We will use the following R packages:

• sf
• mapview
• stars

## 7.1 Vector layers

### 7.1.1 What is a vector layer?

Vector layers are essentially sets of geometries associated with non-spatial attributes (Figure 7.1). The geometries are sequences of one or more point coordinates, possibly connected to form lines or polygons. The non-spatial attributes come in the form of a table.

### 7.1.2 Vector file formats

Commonly used vector layer file formats (Table 7.1) include binary formats (such as the Shapefile) and plain text formats (such as GeoJSON). Vector layers are also frequently kept in a spatial database, such as PostgreSQL/PostGIS.

Table 7.1: Common vector layer file formats
Type Format File extension
Binary ESRI Shapefile .shp, .shx, .dbf, .prj, …
GeoPackage (GPKG) .gpkg
Plain Text GeoJSON .json or .geojson
GPS Exchange Format (GPX) .gpx
Keyhole Markup Language (KML) .kml
Spatial Databases PostGIS / PostgreSQL

### 7.1.3 Vector data structures (sp)

The first R package to establish a uniform vector layer class system was sp, released in 2005 (Figure 7.2). Together with rgdal and rgeos, this package dominated the landscape of spatial analysis in R for many years (Figure 7.3).

Package sp has 6 main classes for vector layers (Table 7.2):

• One for each geometry type (points, lines, polygons)
• One for geometry only and one for geometry with attributes
Table 7.2: Spatial data structures in package sp
Class Geometry type Attributes
SpatialPoints Points -
SpatialPointsDataFrame Points data.frame
SpatialLines Lines -
SpatialLinesDataFrame Lines data.frame
SpatialPolygons Polygons -
SpatialPolygonsDataFrame Polygons data.frame

### 7.1.4 Vector data structures (sf)

Package sf, released in 2016 (Figure 7.4), is a newer package for working with vector layers in R, which we are going to use in this book.

Package sf defines a hierarchical class system with three classes (Table 7.3):

• Class sfg is for a single geometry
• Class sfc is a set of geometries with a CRS
• Class sf is a layer with attributes
Table 7.3: Spatial data structures in package sf
Class Hierarchy Data
sfg Geometry type, coordinates
sfc Geometry column set of sfg + CRS
sf Layer sfc + attributes

### 7.1.5 Vector layers in R: package sf

sf is a relative new (2016-) R package for handling vector layers in R. In the long-term, sf aims to replace rgdal (2003-), sp (2005-), and rgeos (2011-).

The main innovation in sf is a complete implementation of the Simple Features standard.

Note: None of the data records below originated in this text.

(* Let $\{I_x\}_{x\in(0,1]}$ be a family of nonempty half-open intervals of the form $I_x=(y_x,x]\subset(0,1]$ (so $0\le y_x<x$). Then there exists a set $C\subset(0,1]$ such that $\bigcup_{x\in C}I_x=(0,1]$ and the intervals $I_y$, $I_z$ are disjoint whenever $y,z\in C$, $y\ne z$. *)

theory Defs
  imports Complex_Main
begin

end

theory Submission
  imports Defs "HOL-Library.Disjoint_Sets"
begin

text \<open>
  By Zorn's lemma there is a maximal set \<open>C\<close> of pairwise disjoint intervals whose union is a
  final segment \<open>(t, b]\<close>: a union along a chain is again of this form, with \<open>t\<close> the infimum of
  the left endpoints. If \<open>t > a\<close>, no interval of \<open>C\<close> reaches below \<open>t\<close>, so \<open>I\<^sub>t = (y t, t]\<close>
  can be added to \<open>C\<close>, contradicting maximality. Hence \<open>t = a\<close>.
\<close>

lemma disjoint_family_on_chain_Union:
  assumes "chain\<^sub>\<subseteq> S" and "\<And>C. C \<in> S \<Longrightarrow> disjoint_family_on f C"
  shows "disjoint_family_on f (\<Union>S)"
  unfolding disjoint_family_on_def
proof (intro ballI impI)
  fix m n assume "m \<in> \<Union>S" "n \<in> \<Union>S" "m \<noteq> n"
  then obtain C D where "C \<in> S" "D \<in> S" "m \<in> C" "n \<in> D" by blast
  with \<open>chain\<^sub>\<subseteq> S\<close> obtain E where "E \<in> S" "m \<in> E" "n \<in> E"
    unfolding chain_subset_def by blast
  with assms(2) \<open>m \<noteq> n\<close> show "f m \<inter> f n = {}"
    unfolding disjoint_family_on_def by blast
qed

lemma UN_greaterThanAtMost_eq_Inf:
  fixes T :: "'a::conditionally_complete_linorder set"
  assumes "T \<noteq> {}" and "bdd_below T"
  shows "(\<Union>s\<in>T. {s<..b}) = {Inf T<..b}"
  using cInf_less_iff[OF assms] by auto

definition tiles_final_segment :: "('a::linorder \<Rightarrow> 'a) \<Rightarrow> 'a set \<Rightarrow> 'a \<Rightarrow> 'a \<Rightarrow> bool" where
  "tiles_final_segment y C t b \<longleftrightarrow>
     disjoint_family_on (\<lambda>x. {y x<..x}) C \<and> (\<Union>x\<in>C. {y x<..x}) = {t<..b}"

lemma tiles_final_segment_chain_Union:
  fixes y :: "'a::conditionally_complete_linorder \<Rightarrow> 'a"
  assumes "chain\<^sub>\<subseteq> S" and "S \<noteq> {}"
    and tiles: "\<And>C. C \<in> S \<Longrightarrow> \<exists>t\<in>{a..b}. tiles_final_segment y C t b"
  shows "\<exists>t\<in>{a..b}. tiles_final_segment y (\<Union>S) t b"
proof -
  obtain t where t: "\<And>C. C \<in> S \<Longrightarrow> t C \<in> {a..b} \<and> tiles_final_segment y C (t C) b"
    using tiles by metis
  have "t ` S \<noteq> {}" and "bdd_below (t ` S)"
    using \<open>S \<noteq> {}\<close> t by (auto intro!: bdd_belowI[of _ a])
  have "(\<Union>x\<in>\<Union>S. {y x<..x}) = (\<Union>C\<in>S. {t C<..b})"
    using t by (auto simp: tiles_final_segment_def)
  also have "\<dots> = {Inf (t ` S)<..b}"
    using UN_greaterThanAtMost_eq_Inf[OF \<open>t ` S \<noteq> {}\<close> \<open>bdd_below (t ` S)\<close>] by simp
  finally have "tiles_final_segment y (\<Union>S) (Inf (t ` S)) b"
    using disjoint_family_on_chain_Union[OF \<open>chain\<^sub>\<subseteq> S\<close>, of "\<lambda>x. {y x<..x}"] t
    by (simp add: tiles_final_segment_def)
  moreover have "Inf (t ` S) \<in> {a..b}"
    using \<open>S \<noteq> {}\<close> t \<open>bdd_below (t ` S)\<close>
    by (auto intro: cInf_greatest cInf_lower2 simp: image_iff)
  ultimately show ?thesis by blast
qed

lemma tiles_final_segment_insert:
  fixes y :: "'a::linorder \<Rightarrow> 'a"
  assumes tiles: "tiles_final_segment y C t b"
    and "t \<le> b" and "y t < t" and below: "\<And>c. c \<in> C \<Longrightarrow> y c < c"
  shows "t \<notin> C" and "tiles_final_segment y (insert t C) (y t) b"
proof -
  have union: "(\<Union>x\<in>C. {y x<..x}) = {t<..b}"
    using tiles by (simp add: tiles_final_segment_def)
  have above: "t \<le> y c" if "c \<in> C" for c
  proof (rule ccontr)
    assume "\<not> t \<le> y c"
    then have "min c t \<in> (\<Union>x\<in>C. {y x<..x})"
      using that below[OF that] by auto
    with union show False by auto
  qed
  show "t \<notin> C"
    using above \<open>y t < t\<close> by fastforce
  have "{y t<..t} \<inter> {y c<..c} = {}" if "c \<in> C" for c
    using above[OF that] by auto
  then have "disjoint_family_on (\<lambda>x. {y x<..x}) (insert t C)"
    using tiles \<open>t \<notin> C\<close> by (auto simp: tiles_final_segment_def disjoint_family_on_insert)
  moreover have "(\<Union>x\<in>insert t C. {y x<..x}) = {y t<..b}"
    using union \<open>t \<le> b\<close> \<open>y t < t\<close> by auto
  ultimately show "tiles_final_segment y (insert t C) (y t) b"
    by (simp add: tiles_final_segment_def)
qed

theorem exists_disjoint_interval_tiling:
  fixes y :: "'a::conditionally_complete_linorder \<Rightarrow> 'a"
  assumes "a \<le> b" and interval: "\<And>x. x \<in> {a<..b} \<Longrightarrow> a \<le> y x \<and> y x < x"
  shows "\<exists>C \<subseteq> {a<..b}. tiles_final_segment y C a b"
proof -
  define A where "A = {C. C \<subseteq> {a<..b} \<and> (\<exists>t\<in>{a..b}. tiles_final_segment y C t b)}"
  have "\<Union>S \<in> A" if "S \<in> chains A" for S
  proof (cases "S = {}")
    case True
    then show ?thesis
      using \<open>a \<le> b\<close>
      by (auto simp: A_def tiles_final_segment_def disjoint_family_on_def intro!: bexI[of _ b])
  next
    case False
    with that show ?thesis
      using tiles_final_segment_chain_Union[of S a b y] by (auto simp: A_def chains_def)
  qed
  then obtain M where "M \<in> A" and maximal: "\<And>X. X \<in> A \<Longrightarrow> M \<subseteq> X \<Longrightarrow> X = M"
    using Zorn_Lemma[of A] by blast
  then obtain t where M: "M \<subseteq> {a<..b}" "t \<in> {a..b}" "tiles_final_segment y M t b"
    by (auto simp: A_def)
  have "t = a"
  proof (rule ccontr)
    assume "t \<noteq> a"
    with M have t: "t \<in> {a<..b}" by auto
    have "y t < t" and "\<And>c. c \<in> M \<Longrightarrow> y c < c"
      using interval[OF t] interval M(1) by auto
    with tiles_final_segment_insert[OF M(3)] t
    have "t \<notin> M" and "tiles_final_segment y (insert t M) (y t) b" by auto
    then have "insert t M \<in> A"
      using M(1) t interval[OF t] by (auto simp: A_def)
    with maximal have "insert t M = M" by blast
    with \<open>t \<notin> M\<close> show False by blast
  qed
  with M show ?thesis by blast
qed

theorem mainTheorem11:
  fixes y :: "real \<Rightarrow> real"
  assumes "\<And>x. x \<in> {0<..1} \<Longrightarrow> 0 \<le> y x \<and> y x < x"
  shows "\<exists>C. C \<subseteq> {0<..1} \<and> (\<Union>x\<in>C. {y x<..x}) = {0<..1}
            \<and> (\<forall>a\<in>C. \<forall>b\<in>C. a \<noteq> b \<longrightarrow> {y a<..a} \<inter> {y b<..b} = {})"
  using exists_disjoint_interval_tiling[of 0 1 y] assms
  by (auto simp: tiles_final_segment_def disjoint_family_on_def)

end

Since 2003, Simple Features been widely implemented in spatial databases (such as PostGIS), commercial GIS (e.g., ESRI ArcGIS) and forms the vector data basis for libraries such as GDAL. When working with spatial databases, Simple Features are commonly specified as Well Known Text (WKT). A subset of simple features forms the GeoJSON standard.

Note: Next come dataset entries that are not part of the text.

lemma in_closure_if_interpolated:
  fixes g :: "'a \<Rightarrow> 'b::topological_space"
  assumes interpolated: "\<And>S. finite S \<Longrightarrow> \<exists>f\<in>A. \<forall>x\<in>S. f x = g x"
  shows "g \<in> closure A"
  unfolding closure_iff_nhds_not_empty
proof (intro allI impI)
  fix U T assume "T \<subseteq> U" "open T" "g \<in> T"
  then obtain X where X: "g \<in> Pi\<^sub>E UNIV X" "\<And>i. open (X i)" "finite {i. X i \<noteq> UNIV}"
    "Pi\<^sub>E UNIV X \<subseteq> T"
    using product_topology_open_contains_basis[of "\<lambda>_. euclidean" UNIV T g]
    unfolding open_fun_def by auto
  obtain f where "f \<in> A" "\<forall>x\<in>{i. X i \<noteq> UNIV}. f x = g x" using interpolated X(3) by blast
  then have "f \<in> Pi\<^sub>E UNIV X" using X(1) by (auto simp: PiE_iff) (metis UNIV_I)
  then show "A \<inter> U \<noteq> {}" using \<open>f \<in> A\<close> X(4) \<open>T \<subseteq> U\<close> by blast
qed

lemma mem_dual_space_iff:
  "\<phi> \<in> dual_space F N \<longleftrightarrow> clinear_on F \<phi> \<and> (\<exists>C. \<forall>f\<in>F. cmod (\<phi> f) \<le> C * N f)"
  unfolding dual_space_def clinear_on_def fscale_def plus_fun_def by simp

lemma mem_bidual_space_iff:
  "\<Phi> \<in> bidual_space F N \<longleftrightarrow> clinear_on (dual_space F N) \<Phi> \<and>
     (\<exists>C. \<forall>\<phi>\<in>dual_space F N. cmod (\<Phi> \<phi>) \<le> C * dual_norm F N \<phi>)"
  unfolding bidual_space_def clinear_on_def fscale_def plus_fun_def by simp

lemma eval_closed_span_iff:
  "\<phi> \<in> eval_closed_span F N \<longleftrightarrow>
     \<phi> \<in> dual_space F N \<and> (\<forall>\<epsilon>>0. \<exists>\<psi>\<in>eval_span. dual_norm F N (\<phi> - \<psi>) < \<epsilon>)"
proof -
  have eq: "(\<lambda>f. \<phi> f - (\<Sum>x\<in>S. a x * f x)) = \<phi> - eval_comb S a" for S a
    by (simp add: fun_eq_iff eval_comb_def)
  show ?thesis unfolding eval_closed_span_def eval_span_def mem_Collect_eq eq by blast
qed

definition point_function :: "((('x \<Rightarrow> complex) \<Rightarrow> complex) \<Rightarrow> complex) \<Rightarrow> 'x \<Rightarrow> complex" where
  "point_function \<Phi> = (\<lambda>x. \<Phi> (\<lambda>f. f x))"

It is important to note that the sf package depends on several external software components (installed along with the R package), most importantly GDAL, GEOS and PROJ (Figure 7.5). These well-tested and popular open-source components are common to numerous open-source and commercial software for spatial analysis, such as QGIS and PostGIS.

The sf class extends the data.frame class to include a geometry column. This is similar to the way that spatial databases are structured. For example, the sample dataset shown in Figure 7.6 represents a polygonal layer with three features and six non-spatial attributes. The attributes refer to demographic and epidemiological attributes of US counties, such as the number of births in 1974 (BIR74), the number of sudden infant death cases in 1974 (SID74), and so on. The seventh column is the geometry column, containing the polygon geometries.

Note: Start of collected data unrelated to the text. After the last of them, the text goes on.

(* Let $d\ge 2$ and let $\varphi:[0,\infty)\to[0,1]$ be the Laplace transform of a strictly positive random variable, continuous and strictly decreasing with $\varphi(0)=1$ and $\lim_{t\to\infty}\varphi(t)=0$, and let $C(u_1,\dots,u_d)=\varphi\big(\sum_{i=1}^d\varphi^{-1}(u_i)\big)$ be the associated Archimedean copula. If $\varphi$ is slowly varying at $\infty$, then for every $w=(w_1,\dots,w_d)\in\mathbb{R}_+^d$, $$\lim_{u\downarrow 0}\frac{C(uw_1,\dots,uw_d)}{u}=\min\{w_1,\dots,w_d\}.$$
   Context: A measurable function $f>0$ is slowly varying at $\infty$ if $f(tx)/f(t)\to 1$ as $t\to\infty$ for every $x>0$. *)

theory Defs
  imports "HOL-Probability.Probability"
begin

text \<open>Every real random
  variable can be realised on a probability space over the reals, so the
  probability space is taken of type real measure.\<close>
definition laplace_transform_pos_rv :: "(real \<Rightarrow> real) \<Rightarrow> bool" where
  "laplace_transform_pos_rv phi \<longleftrightarrow>
     (\<exists>(M::real measure) X. prob_space M \<and> X \<in> borel_measurable M \<and>
        (AE \<omega> in M. X \<omega> > 0) \<and>
        (\<forall>t\<ge>0. phi t = prob_space.expectation M (\<lambda>\<omega>. exp (- t * X \<omega>))))"

definition slowly_varying_at_top :: "(real \<Rightarrow> real) \<Rightarrow> bool" where
  "slowly_varying_at_top f \<longleftrightarrow>
     (\<forall>t\<ge>0. f t > 0) \<and> set_borel_measurable borel {0..} f \<and>
     (\<forall>x>0. ((\<lambda>t. f (t * x) / f t) \<longlongrightarrow> 1) at_top)"

text \<open>Archimedean copula in dimension d with generator phi,
  C(u_0,...,u_{d-1}) = phi (sum_i phi^{-1}(u_i)), with the standard convention
  phi^{-1}(0) = infinity, phi(infinity) = 0, i.e. C(u) = 0 if some u_i = 0.\<close>
definition archimedean_copula :: "nat \<Rightarrow> (real \<Rightarrow> real) \<Rightarrow> (nat \<Rightarrow> real) \<Rightarrow> real" where
  "archimedean_copula d phi u =
     (if \<exists>i<d. u i = 0 then 0
      else phi (\<Sum>i<d. inv_into {0..} phi (u i)))"

end

theory Submission
  imports Defs
begin

text \<open>Write \<open>\<psi>\<close> for the inverse of the generator and \<open>m = min w\<close>. Since \<open>\<psi>\<close> is decreasing,
  all summands \<open>\<psi>(u w\<^sub>i)\<close> lie between \<open>0\<close> and \<open>\<psi>(u m)\<close>, hence
  \<open>\<phi>(d \<psi>(u m)) \<le> C(u w) \<le> \<phi>(\<psi>(u m)) = u m\<close>. As \<open>u \<down> 0\<close> we have \<open>\<psi>(u m) \<rightarrow> \<infinity>\<close>, and slow
  variation gives \<open>\<phi>(d \<psi>(u m)) / \<phi>(\<psi>(u m)) \<rightarrow> 1\<close>; the claim follows by squeezing.\<close>

lemma filterlim_mult_right_at_right_0:
  fixes c :: real
  assumes "0 < c"
  shows "filterlim (\<lambda>u. u * c) (at_right 0) (at_right 0)"
  unfolding filterlim_at
  using assms by (auto simp: eventually_at_right_field intro!: exI[of _ 1] tendsto_mult_left_zero tendsto_eq_intros)

lemma eventually_scaled_in_unit_interval:
  fixes w :: "nat \<Rightarrow> real"
  assumes "\<forall>i<d. 0 < w i"
  shows "eventually (\<lambda>u. \<forall>i<d. 0 < u * w i \<and> u * w i \<le> 1) (at_right 0)"
proof -
  have "eventually (\<lambda>u. u * w i \<le> 1) (at_right 0)" for i
  proof -
    have "((\<lambda>u. u * w i) \<longlongrightarrow> 0) (at_right 0)"
      by (intro tendsto_mult_left_zero tendsto_ident_at)
    then show ?thesis
      by (rule order_tendstoD(2)[where a = 1, THEN eventually_mono]) auto
  qed
  then have "eventually (\<lambda>u. 0 < u \<and> (\<forall>i\<in>{..<d}. u * w i \<le> 1)) (at_right 0)"
    by (intro eventually_conj eventually_at_right_less eventually_ball_finite) auto
  then show ?thesis
    by eventually_elim (use assms in auto)
qed

locale archimedean_generator =
  fixes \<phi> :: "real \<Rightarrow> real"
  assumes continuous: "continuous_on {0..} \<phi>"
    and strict_antimono: "strict_antimono_on {0..} \<phi>"
    and phi_0: "\<phi> 0 = 1"
    and phi_tendsto_at_top: "(\<phi> \<longlongrightarrow> 0) at_top"
begin

abbreviation \<psi> :: "real \<Rightarrow> real" where
  "\<psi> \<equiv> inv_into {0..} \<phi>"

lemma phi_less: "0 \<le> x \<Longrightarrow> x < y \<Longrightarrow> \<phi> y < \<phi> x"
  using strict_antimono by (auto simp: monotone_on_def)

lemma phi_le: "0 \<le> x \<Longrightarrow> x \<le> y \<Longrightarrow> \<phi> y \<le> \<phi> x"
  using phi_less by (metis order_le_less)

lemma phi_pos:
  assumes "0 \<le> t"
  shows "0 < \<phi> t"
proof -
  have "eventually (\<lambda>s. \<phi> s \<le> \<phi> (t + 1)) at_top"
    using assms by (intro eventually_ge_at_top[THEN eventually_mono]) (auto intro: phi_le)
  then have "0 \<le> \<phi> (t + 1)"
    using phi_tendsto_at_top by (intro tendsto_upperbound) auto
  also have "\<phi> (t + 1) < \<phi> t"
    using assms by (intro phi_less) auto
  finally show ?thesis .
qed

lemma phi_le_one: "0 \<le> t \<Longrightarrow> \<phi> t \<le> 1"
  using phi_le[of 0 t] phi_0 by simp

lemma
  assumes "0 < v" "v \<le> 1"
  shows psi_nonneg: "0 \<le> \<psi> v" and phi_psi: "\<phi> (\<psi> v) = v"
proof -
  obtain T where "0 \<le> T" "\<phi> T \<le> v"
    using order_tendstoD(2)[OF phi_tendsto_at_top \<open>0 < v\<close>]
    by (metis eventually_at_top_linorder max.cobounded1 max.cobounded2 less_imp_le)
  moreover have "continuous_on {0..T} \<phi>"
    using continuous by (rule continuous_on_subset) auto
  ultimately obtain x where "0 \<le> x" "\<phi> x = v"
    using IVT2'[of \<phi> T v 0] assms phi_0 by auto
  then have "v \<in> \<phi> ` {0..}"
    by auto
  then show "0 \<le> \<psi> v" "\<phi> (\<psi> v) = v"
    by (metis atLeast_iff inv_into_into, rule f_inv_into_f)
qed

lemma psi_antimono:
  assumes "0 < v" "v \<le> v'" "v' \<le> 1"
  shows "\<psi> v' \<le> \<psi> v"
proof (rule ccontr)
  assume "\<not> ?thesis"
  then have "\<phi> (\<psi> v') < \<phi> (\<psi> v)"
    using assms by (intro phi_less psi_nonneg) auto
  with assms show False
    by (simp add: phi_psi)
qed

lemma filterlim_psi_at_right_0: "filterlim \<psi> at_top (at_right 0)"
  unfolding filterlim_at_top eventually_at_right_field
proof (intro allI exI conjI ballI impI)
  fix Z :: real and v :: real
  define K where "K = max Z 0"
  show "0 < \<phi> K"
    by (simp add: K_def phi_pos)
  assume v: "0 < v" "v < \<phi> K"
  then have "v \<le> 1"
    using phi_le_one[of K] by (simp add: K_def)
  have "K < \<psi> v"
  proof (rule ccontr)
    assume "\<not> K < \<psi> v"
    then have "\<phi> K \<le> \<phi> (\<psi> v)"
      using v \<open>v \<le> 1\<close> by (intro phi_le psi_nonneg) auto
    with v \<open>v \<le> 1\<close> show False
      by (simp add: phi_psi)
  qed
  then show "Z \<le> \<psi> v"
    by (simp add: K_def)
qed

lemma tendsto_phi_psi_scaled_over:
  assumes "((\<lambda>t. \<phi> (t * x) / \<phi> t) \<longlongrightarrow> 1) at_top"
  shows "((\<lambda>v. \<phi> (\<psi> v * x) / v) \<longlongrightarrow> 1) (at_right 0)"
proof -
  have "eventually (\<lambda>v. \<phi> (\<psi> v * x) / \<phi> (\<psi> v) = \<phi> (\<psi> v * x) / v) (at_right 0)"
    unfolding eventually_at_right_field by (intro exI[of _ 1]) (auto simp: phi_psi)
  with filterlim_compose[OF assms filterlim_psi_at_right_0] show ?thesis
    by (rule Lim_transform_eventually)
qed

lemma archimedean_copula_le_coordinate:
  assumes "j < d" and "\<forall>i<d. 0 < u i \<and> u i \<le> 1"
  shows "archimedean_copula d \<phi> u \<le> u j"
proof -
  have "\<psi> (u j) \<le> (\<Sum>i<d. \<psi> (u i))"
    using assms by (intro member_le_sum) (auto intro: psi_nonneg)
  then have "\<phi> (\<Sum>i<d. \<psi> (u i)) \<le> \<phi> (\<psi> (u j))"
    using assms by (intro phi_le psi_nonneg) auto
  with assms show ?thesis
    by (auto simp: archimedean_copula_def phi_psi)
qed

lemma archimedean_copula_ge_min:
  assumes "j < d" and "\<forall>i<d. 0 < u i \<and> u i \<le> 1" and "\<forall>i<d. u j \<le> u i"
  shows "\<phi> (\<psi> (u j) * real d) \<le> archimedean_copula d \<phi> u"
proof -
  have "(\<Sum>i<d. \<psi> (u i)) \<le> real (card {..<d}) * \<psi> (u j)"
    using assms by (intro sum_bounded_above psi_antimono) auto
  then have "\<phi> (\<psi> (u j) * real d) \<le> \<phi> (\<Sum>i<d. \<psi> (u i))"
    using assms by (intro phi_le sum_nonneg psi_nonneg) (auto simp: mult.commute)
  with assms show ?thesis
    by (auto simp: archimedean_copula_def)
qed

lemma tendsto_archimedean_copula_scaled:
  assumes slowly_varying: "((\<lambda>t. \<phi> (t * real d) / \<phi> t) \<longlongrightarrow> 1) at_top"
    and "j < d" and w_pos: "\<forall>i<d. 0 < w i" and w_min: "\<forall>i<d. w j \<le> w i"
  shows "((\<lambda>u. archimedean_copula d \<phi> (\<lambda>i. u * w i) / u) \<longlongrightarrow> w j) (at_right 0)"
proof -
  let ?C = "\<lambda>u. archimedean_copula d \<phi> (\<lambda>i. u * w i) / u"
  let ?L = "\<lambda>u. w j * (\<phi> (\<psi> (u * w j) * real d) / (u * w j))"
  have "0 < w j"
    using w_pos \<open>j < d\<close> by simp
  have small: "eventually (\<lambda>u. 0 < u \<and> (\<forall>i<d. 0 < u * w i \<and> u * w i \<le> 1)) (at_right 0)"
    using eventually_scaled_in_unit_interval[OF w_pos] eventually_at_right_less
    by eventually_elim simp
  have "eventually (\<lambda>u. ?L u \<le> ?C u \<and> ?C u \<le> w j) (at_right 0)"
    using small
  proof eventually_elim
    case (elim u)
    with assms have "\<phi> (\<psi> (u * w j) * real d) \<le> archimedean_copula d \<phi> (\<lambda>i. u * w i)"
      by (intro archimedean_copula_ge_min) (auto simp: mult_left_mono)
    moreover have "archimedean_copula d \<phi> (\<lambda>i. u * w i) \<le> u * w j"
      using elim \<open>j < d\<close> by (intro archimedean_copula_le_coordinate) auto
    moreover have "?L u = \<phi> (\<psi> (u * w j) * real d) / u"
      using elim \<open>0 < w j\<close> by simp
    ultimately show ?case
      using elim by (simp add: divide_right_mono divide_le_eq mult.commute)
  qed
  moreover from filterlim_compose[OF tendsto_phi_psi_scaled_over[OF slowly_varying]
      filterlim_mult_right_at_right_0[OF \<open>0 < w j\<close>]]
  have "(?L \<longlongrightarrow> w j * 1) (at_right 0)"
    by (rule tendsto_mult_left)
  ultimately show ?thesis
    using tendsto_sandwich[of ?L ?C _ "\<lambda>_. w j"] by (simp add: eventually_conj_iff)
qed

end

lemma archimedean_copula_zero_coordinate:
  "j < d \<Longrightarrow> u j = 0 \<Longrightarrow> archimedean_copula d \<phi> u = 0"
  by (auto simp: archimedean_copula_def)

theorem theorem2p3:
  fixes d :: nat and phi :: "real \<Rightarrow> real" and w :: "nat \<Rightarrow> real"
  assumes "d \<ge> 2"
    and "laplace_transform_pos_rv phi"
    and "continuous_on {0..} phi"
    and "strict_antimono_on {0..} phi"
    and "phi 0 = 1"
    and "(phi \<longlongrightarrow> 0) at_top"
    and "\<forall>t\<ge>0. phi t \<in> {0..1}"
    and "slowly_varying_at_top phi"
    and "\<forall>i<d. w i \<ge> 0"
  shows "((\<lambda>u. archimedean_copula d phi (\<lambda>i. u * w i) / u)
           \<longlongrightarrow> Min (w ` {..<d})) (at_right 0)"
proof -
  interpret archimedean_generator phi
    using assms(3-6) by unfold_locales
  have "Min (w ` {..<d}) \<in> w ` {..<d}"
    using assms(1) by (intro Min_in) (auto simp: lessThan_empty_iff)
  then obtain j where j: "j < d" "w j = Min (w ` {..<d})"
    by (metis imageE lessThan_iff)
  then have w_min: "\<forall>i<d. w j \<le> w i"
    by simp
  show ?thesis
  proof (cases "w j = 0")
    case True
    then have "(\<lambda>u. archimedean_copula d phi (\<lambda>i. u * w i) / u) = (\<lambda>_. 0)"
      using archimedean_copula_zero_coordinate[OF \<open>j < d\<close>] by simp
    with True show ?thesis
      by (simp flip: j(2))
  next
    case False
    with assms(9) j(1) w_min have "\<forall>i<d. 0 < w i"
      by (metis less_le less_le_trans)
    moreover have "((\<lambda>t. phi (t * real d) / phi t) \<longlongrightarrow> 1) at_top"
      using assms(1,8) unfolding slowly_varying_at_top_def by auto
    ultimately show ?thesis
      unfolding j(2)[symmetric] using j(1) w_min by (intro tendsto_archimedean_copula_scaled)
  qed
qed

end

Figure 7.7 shows what layer in Figure 7.6 would look like when mapped. We can see the outline of the three polygons, as well as the values of all six non-spatial attributes (in separate panels).

The sf class is actually a hierarchical structure composed of three classes:

• sf—Vector layer object, a table (data.frame) with one or more attribute columns and one geometry column
• sfc—Geometric part of the vector layer, the geometry column
• sfgGeometry of an individual simple feature

## 7.2 Vector layers from scratch

Objects of class sfg, i.e., a single geometry, can be created using the appropriate function for each geometry type:

• st_point
• st_multipoint
• st_linestring
• st_multilinestring
• st_polygon
• st_multipolygon
• st_geometrycollection

from coordinates passed as:

• numeric vectors—POINT
• matrix objects—MULTIPOINT or LINESTRING
• list objects—All other geometries

### 7.2.1 Geometry (sfg)

The seven most commonly used geometry types is displayed in Figure 7.8.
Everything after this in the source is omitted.